In the listing below, every line with the word "union" needs to be copied.

==================================================

(* Let $(\Omega,\mathcal F,\mathbb P)$ be a probability space with $\Omega$ compact. Let $\mathfrak G$ (option sellers) and $\mathfrak R$ (option buyers) be finite disjoint index sets, and for each $i\in\mathfrak G\cup\mathfrak R$ let $\pi_i^\omega$ (electricity-market profit) and $p_i^{\omega,*}$ (real-time price faced by $i$) be given square-integrable random variables. Fix $\overline q,\overline K,\overline\Delta>0$ and $\mathcal A_0:=[0,\overline q]\times[0,\overline K]\times[0,\overline\Delta]$. Assume every participant is risk-neutral, i.e. its acceptable set is $$\mathcal A_r=\{(q,K,\Delta)\in\mathcal A_0:\ \mathbb E[\pi_r^\omega-q\Delta+(p_r^{\omega,*}-K)^+\Delta]\ge\mathbb E[\pi_r^\omega]\}\quad (r\in\mathfrak R),$$ $$\mathcal A_g=\{(q,K,\Delta)\in\mathcal A_0:\ \mathbb E[\pi_g^\omega+q\Delta-(p_g^{\omega,*}-K)^+\Delta]\ge\mathbb E[\pi_g^\omega]\}\quad (g\in\mathfrak G).$$ Consider the problem of maximizing $\mathbb E[\mathsf{MS}^\omega]$, where $$\mathsf{MS}^\omega:=\sum_{r\in\mathfrak R}q_r\Delta_r-\sum_{g\in\mathfrak G}q_g\Delta_g-\sum_{r\in\mathfrak R}(p_r^{\omega,*}-K_r)^+\Delta_r+\sum_{g\in\mathfrak G}(p_g^{\omega,*}-K_g)^+\delta_g^\omega,$$ over $(q_i,K_i,\Delta_i)\in\mathbb R_+^3$ for all $i\in\mathfrak G\cup\mathfrak R$ and $\mathcal F$-measurable $\delta_g:\Omega\to[0,\Delta_g]$ in $\mathcal L_2(\Omega)$ for $g\in\mathfrak G$, subject to $\sum_{g}\Delta_g=\sum_r\Delta_r$, $(q_i,K_i,\Delta_i)\in\mathcal A_i$ for all $i$, and, $\mathbb P$-almost surely, $\delta_g^\omega\in[0,\Delta_g]$ for all $g$ and $\sum_{g\in\mathfrak G}\delta_g^\omega=\sum_{r\in\mathfrak R}\Delta_r\mathbf 1\{p_r^{\omega,*}\ge K_r\}$. Then the optimal value of this problem is $0$; that is, $\mathbb E[\mathsf{MS}^{\omega,*}]=0$ at an optimal solution.
   Context: $z^+:=\max\{z,0\}$ and $\mathbf 1\{\cdot\}$ is the indicator of an event. $\mathsf{MS}^\omega$ is the merchandising surplus of a profit-maximizing market maker that buys cash-settled call options (option price $q$, strike $K$, quantity $\Delta$; payoff $(p-K)^+$ per unit at real-time price $p$) from sellers $g$ and sells them to buyers $r$, with $\delta_g^\omega$ the amount of cashable options allocated to seller $g$ in scenario $\omega$. *)

theory Defs
  imports "HOL-Probability.Probability"
begin

definition sq_int :: "'a measure \<Rightarrow> ('a \<Rightarrow> real) \<Rightarrow> bool" where
  "sq_int M X \<longleftrightarrow> X \<in> borel_measurable M \<and> integrable M (\<lambda>w. (X w)^2)"

definition posp :: "real \<Rightarrow> real" where
  "posp z = max z 0"

definition A0 :: "real \<Rightarrow> real \<Rightarrow> real \<Rightarrow> (real \<times> real \<times> real) set" where
  "A0 qb Kb Db = {0..qb} \<times> {0..Kb} \<times> {0..Db}"

definition acc_buyer ::
  "'a measure \<Rightarrow> real \<Rightarrow> real \<Rightarrow> real \<Rightarrow> ('a \<Rightarrow> real) \<Rightarrow> ('a \<Rightarrow> real) \<Rightarrow> (real \<times> real \<times> real) set" where
  "acc_buyer M qb Kb Db pr p = {(q, K, D) \<in> A0 qb Kb Db.
     (\<integral>w. pr w - q * D + posp (p w - K) * D \<partial>M) \<ge> (\<integral>w. pr w \<partial>M)}"

definition acc_seller ::
  "'a measure \<Rightarrow> real \<Rightarrow> real \<Rightarrow> real \<Rightarrow> ('a \<Rightarrow> real) \<Rightarrow> ('a \<Rightarrow> real) \<Rightarrow> (real \<times> real \<times> real) set" where
  "acc_seller M qb Kb Db pr p = {(q, K, D) \<in> A0 qb Kb Db.
     (\<integral>w. pr w + q * D - posp (p w - K) * D \<partial>M) \<ge> (\<integral>w. pr w \<partial>M)}"

definition MS ::
  "'i set \<Rightarrow> 'i set \<Rightarrow> ('i \<Rightarrow> 'a \<Rightarrow> real) \<Rightarrow> ('i \<Rightarrow> real) \<Rightarrow> ('i \<Rightarrow> real) \<Rightarrow> ('i \<Rightarrow> real)
     \<Rightarrow> ('i \<Rightarrow> 'a \<Rightarrow> real) \<Rightarrow> 'a \<Rightarrow> real" where
  "MS G R p q K D \<delta> w =
     (\<Sum>r\<in>R. q r * D r) - (\<Sum>g\<in>G. q g * D g)
     - (\<Sum>r\<in>R. posp (p r w - K r) * D r) + (\<Sum>g\<in>G. posp (p g w - K g) * \<delta> g w)"

definition feasible ::
  "'a measure \<Rightarrow> 'i set \<Rightarrow> 'i set \<Rightarrow> real \<Rightarrow> real \<Rightarrow> real \<Rightarrow> ('i \<Rightarrow> 'a \<Rightarrow> real) \<Rightarrow> ('i \<Rightarrow> 'a \<Rightarrow> real)
     \<Rightarrow> ('i \<Rightarrow> real) \<Rightarrow> ('i \<Rightarrow> real) \<Rightarrow> ('i \<Rightarrow> real) \<Rightarrow> ('i \<Rightarrow> 'a \<Rightarrow> real) \<Rightarrow> bool" where
  "feasible M G R qb Kb Db pr p q K D \<delta> \<longleftrightarrow>
     (\<forall>i\<in>G \<union> R. q i \<ge> 0 \<and> K i \<ge> 0 \<and> D i \<ge> 0) \<and>
     (\<forall>g\<in>G. sq_int M (\<delta> g) \<and> (\<forall>w\<in>space M. 0 \<le> \<delta> g w \<and> \<delta> g w \<le> D g)) \<and>
     (\<Sum>g\<in>G. D g) = (\<Sum>r\<in>R. D r) \<and>
     (\<forall>r\<in>R. (q r, K r, D r) \<in> acc_buyer M qb Kb Db (pr r) (p r)) \<and>
     (\<forall>g\<in>G. (q g, K g, D g) \<in> acc_seller M qb Kb Db (pr g) (p g)) \<and>
     (AE w in M. (\<forall>g\<in>G. 0 \<le> \<delta> g w \<and> \<delta> g w \<le> D g) \<and>
        (\<Sum>g\<in>G. \<delta> g w) = (\<Sum>r\<in>R. D r * (if p r w \<ge> K r then 1 else 0)))"

end

theory Submission
  imports Defs
begin

(* Risk neutrality turns each acceptability condition into a comparison of the premium with the
   expected option payoff: every buyer pays at most E[(p_r - K_r)^+] per unit and every seller
   receives at least E[(p_g - K_g)^+] per unit.  Since a seller never pays out more than
   (p_g - K_g)^+ on at most Delta_g units, each buyer's and each seller's contribution to the
   expected surplus is nonpositive, so E[MS] <= 0; the empty trade attains 0. *)

lemma posp_nonneg: "0 \<le> posp z"
  unfolding posp_def by simp

lemma (in prob_space) integrable_if_sq_int:
  assumes "sq_int M X"
  shows "integrable M X"
  using assms unfolding sq_int_def by (blast intro: square_integrable_imp_integrable)

lemma (in finite_measure) integrable_posp_diff:
  assumes "integrable M X"
  shows "integrable M (\<lambda>w. posp (X w - c))"
  unfolding posp_def using assms by auto

lemma integrable_mult_bounded_nonneg:
  fixes f g :: "'a \<Rightarrow> real"
  assumes f: "integrable M f" and g: "g \<in> borel_measurable M"
    and bound: "\<forall>w\<in>space M. 0 \<le> g w \<and> g w \<le> C"
  shows "integrable M (\<lambda>w. f w * g w)"
proof (rule Bochner_Integration.integrable_bound)
  show "integrable M (\<lambda>w. f w * C)"
    using f by simp
  show "(\<lambda>w. f w * g w) \<in> borel_measurable M"
    using f g by measurable
  show "AE w in M. norm (f w * g w) \<le> norm (f w * C)"
    using bound by (intro AE_I2) (auto simp: abs_mult intro!: mult_left_mono)
qed

lemma (in prob_space) acc_buyer_premium_le_payoff:
  assumes "integrable M pr" "integrable M p"
    and "(q, K, D) \<in> acc_buyer M qb Kb Db pr p"
  shows "q * D \<le> (\<integral>w. posp (p w - K) \<partial>M) * D"
proof -
  have "(\<integral>w. pr w - q * D + posp (p w - K) * D \<partial>M)
      = (\<integral>w. pr w \<partial>M) - q * D + (\<integral>w. posp (p w - K) \<partial>M) * D"
    using assms(1) integrable_posp_diff[OF assms(2)] by (simp add: prob_space)
  with assms(3) show ?thesis
    unfolding acc_buyer_def by simp
qed

lemma (in prob_space) acc_seller_payoff_le_premium:
  assumes "integrable M pr" "integrable M p"
    and "(q, K, D) \<in> acc_seller M qb Kb Db pr p"
  shows "(\<integral>w. posp (p w - K) \<partial>M) * D \<le> q * D"
proof -
  have "(\<integral>w. pr w + q * D - posp (p w - K) * D \<partial>M)
      = (\<integral>w. pr w \<partial>M) + q * D - (\<integral>w. posp (p w - K) \<partial>M) * D"
    using assms(1) integrable_posp_diff[OF assms(2)] by (simp add: prob_space)
  with assms(3) show ?thesis
    unfolding acc_seller_def by simp
qed

lemma (in prob_space) acc_seller_delivery_le_premium:
  assumes "integrable M pr" "integrable M p"
    and "(q, K, D) \<in> acc_seller M qb Kb Db pr p"
    and "\<delta> \<in> borel_measurable M" "\<forall>w\<in>space M. 0 \<le> \<delta> w \<and> \<delta> w \<le> D"
  shows "(\<integral>w. posp (p w - K) * \<delta> w \<partial>M) \<le> q * D"
proof -
  have payoff: "integrable M (\<lambda>w. posp (p w - K))"
    using integrable_posp_diff[OF assms(2)] .
  have "(\<integral>w. posp (p w - K) * \<delta> w \<partial>M) \<le> (\<integral>w. posp (p w - K) * D \<partial>M)"
    using integrable_mult_bounded_nonneg[OF payoff assms(4,5)] payoff assms(5)
    by (intro integral_mono) (auto intro!: mult_left_mono posp_nonneg)
  also have "\<dots> \<le> q * D"
    using acc_seller_payoff_le_premium[OF assms(1-3)] by simp
  finally show ?thesis .
qed

lemma (in prob_space) integral_MS:
  assumes "finite G" "finite R"
    and payoff: "\<And>r. r \<in> R \<Longrightarrow> integrable M (\<lambda>w. posp (p r w - K r))"
    and delivery: "\<And>g. g \<in> G \<Longrightarrow> integrable M (\<lambda>w. posp (p g w - K g) * \<delta> g w)"
  shows "(\<integral>w. MS G R p q K D \<delta> w \<partial>M)
       = (\<Sum>r\<in>R. q r * D r - (\<integral>w. posp (p r w - K r) \<partial>M) * D r)
       + (\<Sum>g\<in>G. (\<integral>w. posp (p g w - K g) * \<delta> g w \<partial>M) - q g * D g)"
proof -
  have "(\<integral>w. (\<Sum>r\<in>R. posp (p r w - K r) * D r) \<partial>M)
      = (\<Sum>r\<in>R. (\<integral>w. posp (p r w - K r) \<partial>M) * D r)"
    using payoff by (subst Bochner_Integration.integral_sum) auto
  moreover have "(\<integral>w. (\<Sum>g\<in>G. posp (p g w - K g) * \<delta> g w) \<partial>M)
      = (\<Sum>g\<in>G. (\<integral>w. posp (p g w - K g) * \<delta> g w \<partial>M))"
    using delivery by (subst Bochner_Integration.integral_sum) auto
  moreover have "integrable M (\<lambda>w. \<Sum>r\<in>R. posp (p r w - K r) * D r)"
    "integrable M (\<lambda>w. \<Sum>g\<in>G. posp (p g w - K g) * \<delta> g w)"
    using payoff delivery by auto
  ultimately show ?thesis
    unfolding MS_def by (simp add: prob_space sum_subtractf)
qed

lemma feasible_no_trade:
  assumes "prob_space M" "qb > 0" "Kb > 0" "Db > 0"
  shows "feasible M G R qb Kb Db pr p (\<lambda>_. 0) (\<lambda>_. 0) (\<lambda>_. 0) (\<lambda>_ _. 0)"
proof -
  interpret prob_space M by fact
  have "(0, 0, 0) \<in> A0 qb Kb Db"
    using assms unfolding A0_def by auto
  then show ?thesis
    unfolding feasible_def acc_buyer_def acc_seller_def sq_int_def by simp
qed

lemma (in prob_space) feasible_integral_MS_nonpos:
  assumes "finite G" "finite R"
    and pr: "\<And>i. i \<in> G \<union> R \<Longrightarrow> integrable M (pr i)"
    and p: "\<And>i. i \<in> G \<union> R \<Longrightarrow> integrable M (p i)"
    and F: "feasible M G R qb Kb Db pr p q K D \<delta>"
  shows "(\<integral>w. MS G R p q K D \<delta> w \<partial>M) \<le> 0"
proof -
  have \<delta>: "\<delta> g \<in> borel_measurable M" "\<forall>w\<in>space M. 0 \<le> \<delta> g w \<and> \<delta> g w \<le> D g" if "g \<in> G" for g
    using F that unfolding feasible_def sq_int_def by auto
  have buyers: "q r * D r - (\<integral>w. posp (p r w - K r) \<partial>M) * D r \<le> 0" if "r \<in> R" for r
  proof -
    have "(q r, K r, D r) \<in> acc_buyer M qb Kb Db (pr r) (p r)"
      using F that unfolding feasible_def by blast
    with that show ?thesis
      using acc_buyer_premium_le_payoff[OF pr p, of r] by simp
  qed
  have sellers: "(\<integral>w. posp (p g w - K g) * \<delta> g w \<partial>M) - q g * D g \<le> 0" if "g \<in> G" for g
  proof -
    have "(q g, K g, D g) \<in> acc_seller M qb Kb Db (pr g) (p g)"
      using F that unfolding feasible_def by blast
    with that show ?thesis
      using acc_seller_delivery_le_premium[OF pr p _ \<delta>, of g] by simp
  qed
  have "(\<integral>w. MS G R p q K D \<delta> w \<partial>M)
       = (\<Sum>r\<in>R. q r * D r - (\<integral>w. posp (p r w - K r) \<partial>M) * D r)
       + (\<Sum>g\<in>G. (\<integral>w. posp (p g w - K g) * \<delta> g w \<partial>M) - q g * D g)"
    using assms(1,2) p \<delta> integrable_posp_diff
    by (intro integral_MS integrable_mult_bounded_nonneg) auto
  also have "\<dots> \<le> 0"
    using buyers sellers by (simp add: add_nonpos_nonpos sum_nonpos)
  finally show ?thesis .
qed

theorem proposition2:
  fixes M :: "('a::topological_space) measure"
    and G R :: "'i set"
    and pr p :: "'i \<Rightarrow> 'a \<Rightarrow> real"
    and qb Kb Db :: real
  assumes "prob_space M"
    and "compact (space M)"
    and "finite G" and "finite R" and "G \<inter> R = {}"
    and "\<forall>i\<in>G \<union> R. sq_int M (pr i) \<and> sq_int M (p i)"
    and "qb > 0" and "Kb > 0" and "Db > 0"
  shows "(\<exists>q K D \<delta>. feasible M G R qb Kb Db pr p q K D \<delta> \<and>
            (\<integral>w. MS G R p q K D \<delta> w \<partial>M) = 0)
       \<and> (\<forall>q K D \<delta>. feasible M G R qb Kb Db pr p q K D \<delta> \<longrightarrow>
            (\<integral>w. MS G R p q K D \<delta> w \<partial>M) \<le> 0)"
proof (intro conjI allI impI)
  interpret prob_space M by fact
  show "\<exists>q K D \<delta>. feasible M G R qb Kb Db pr p q K D \<delta> \<and> (\<integral>w. MS G R p q K D \<delta> w \<partial>M) = 0"
    using feasible_no_trade[OF assms(1,7-9)] unfolding MS_def by fastforce
  fix q K D \<delta>
  assume "feasible M G R qb Kb Db pr p q K D \<delta>"
  moreover have "integrable M (pr i)" "integrable M (p i)" if "i \<in> G \<union> R" for i
    using assms(6) that by (auto intro: integrable_if_sq_int)
  ultimately show "(\<integral>w. MS G R p q K D \<delta> w \<partial>M) \<le> 0"
    using assms(3,4) by (auto intro: feasible_integral_MS_nonpos)
qed

end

==================================================

TASK OUTPUT:
     (\<forall>i\<in>G \<union> R. q i \<ge> 0 \<and> K i \<ge> 0 \<and> D i \<ge> 0) \<and>
    and pr: "\<And>i. i \<in> G \<union> R \<Longrightarrow> integrable M (pr i)"
    and p: "\<And>i. i \<in> G \<union> R \<Longrightarrow> integrable M (p i)"
    and "\<forall>i\<in>G \<union> R. sq_int M (pr i) \<and> sq_int M (p i)"
  moreover have "integrable M (pr i)" "integrable M (p i)" if "i \<in> G \<union> R" for i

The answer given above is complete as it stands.